Selon les analystes régionaux, Poutine a compris que la Russie n’avait pas besoin d’être une superpuissance (comme elle l’avait été au temps de la guerre froide) pour se faire un chemin.

Dans l’état actuel des choses, Poutine avait suffisamment de pouvoir pour mettre une clé dans les travaux pour l’Occident et l’OTAN – à partir de ce moment, il pouvait prendre les devants, donner le rythme et définir les relations de la Russie avec les puissances occidentales.

La Crimée a été la plus grande grève de la Russie, mais ce n’était pas un événement isolé.

Pendant des décennies, Poutine a pratiqué l’expansion politique de la Russie dans le « proche étranger » – les États indépendants qui ont émergé après l’effondrement de l’URSS et que la Russie considère toujours comme sa zone d’influence naturelle – avec un succès particulier dans le conflit géorgien (2008).

Exploiter le point faible de l’Occident: la Syrie

Poutine a profité du manque de cohésion de l’Occident sur les affaires étrangères et a mis sa faiblesse à son avantage.

L’intervention de la Russie en Syrie, soutenant les forces pro-Assad, avait pour lui de multiples avantages.
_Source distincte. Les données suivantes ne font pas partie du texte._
(* Let $\langle X, d\rangle$ be a metric space. The following conditions are equivalent: (1) $X$ is cofinally Bourbaki quasi-complete; (2) $X$ is strongly uniformly locally bounded and, for every metric space $\langle Y,\rho\rangle$, every locally Lipschitz function $f: X\to Y$ is strongly uniformly locally Lipschitz; (3) $X$ is strongly uniformly locally bounded and every real-valued locally Lipschitz function on $X$ is strongly uniformly locally Lipschitz; (4) $X$ is strongly uniformly locally bounded and the real-valued strongly uniformly locally Lipschitz functions on $X$ are uniformly dense in $C(X,\mathbb{R})$, the set of all real-valued continuous functions on $X$.
   Context: For $\varepsilon>0$ and $x,y\in X$, an $\varepsilon$-chain from $x$ to $y$ is a finite sequence $x=x_0,x_1,\dots,x_n=y$ in $X$ with $d(x_{i-1},x_i)<\varepsilon$ for all $i$. The $\varepsilon$-chainable component $S^\infty_d(x,\varepsilon)$ is the set of all $y\in X$ that can be joined to $x$ by an $\varepsilon$-chain. A sequence $\langle x_n\rangle$ in $X$ is cofinally Bourbaki quasi-Cauchy if for every $\varepsilon>0$ there is an infinite set $N_\varepsilon\subseteq\mathbb{N}$ such that for all $j,k\in N_\varepsilon$, $x_j$ and $x_k$ can be joined by an $\varepsilon$-chain. $X$ is cofinally Bourbaki quasi-complete if every cofinally Bourbaki quasi-Cauchy sequence in $X$ has a cluster point. $X$ is strongly uniformly locally bounded if there is $\delta>0$ such that $S^\infty_d(x,\delta)$ is a bounded subset of $X$ for every $x\in X$. A function $f:X\to Y$ into a metric space $\langle Y,\rho\rangle$ is locally Lipschitz if each $x\in X$ has a ball $S_d(x,\delta_x)$ on which $f$ is Lipschitz; $f$ is strongly uniformly locally Lipschitz (also called uniformly locally chain-Lipschitz) if there exists $\delta>0$ such that for each $x\in X$ the restriction of $f$ to $S^\infty_d(x,\delta)$ is Lipschitz (the Lipschitz constant may depend on $x$). Uniform density means density with respect to uniform (sup-norm) convergence. *)

theory Defs
  imports "HOL-Analysis.Analysis"
begin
D’une part, cela garantissait que personne ne pouvait avoir le contrôle global d’un territoire vital pour la stabilité au Moyen-Orient, tandis que, d’autre part, cela lui donnait l’occasion d’essayer de nouvelles armes et tactiques militaires.

Il a envoyé un message fort aux alliés historiques (autres que la dynastie Assad) et à ceux du «proche étranger»: la Russie n’abandonne pas ses vieux amis.

Un nouveau Tsar pour la Russie?

Pendant son mandat, Poutine a réussi à réveiller la vieille idée de «collectionneur des terres russes», un concept féodal qui justifie la politique d’expansion de la Russie.

Dans cette optique, il est facile de voir pourquoi la Crimée et le « proche étranger » sont si importants pour lui.

Certains observateurs russes, tels qu’Arkady Ostrovsky, pensent que cela peut également ouvrir la voie à la création d’un tsar moderne: un leader russe unique qui est au-dessus de la politique des partis.

De façon assez révélatrice, lors des dernières élections, Poutine s’est présenté comme candidat indépendant.

Pour l’instant, la position de Vladimir Poutine en Russie semble inattaquable, mais que se passera-t-il après l’expiration de son quatrième mandat en 2024?

Personne ne peut prédire l’avenir, mais Vladimir Poutine peut avoir un plan.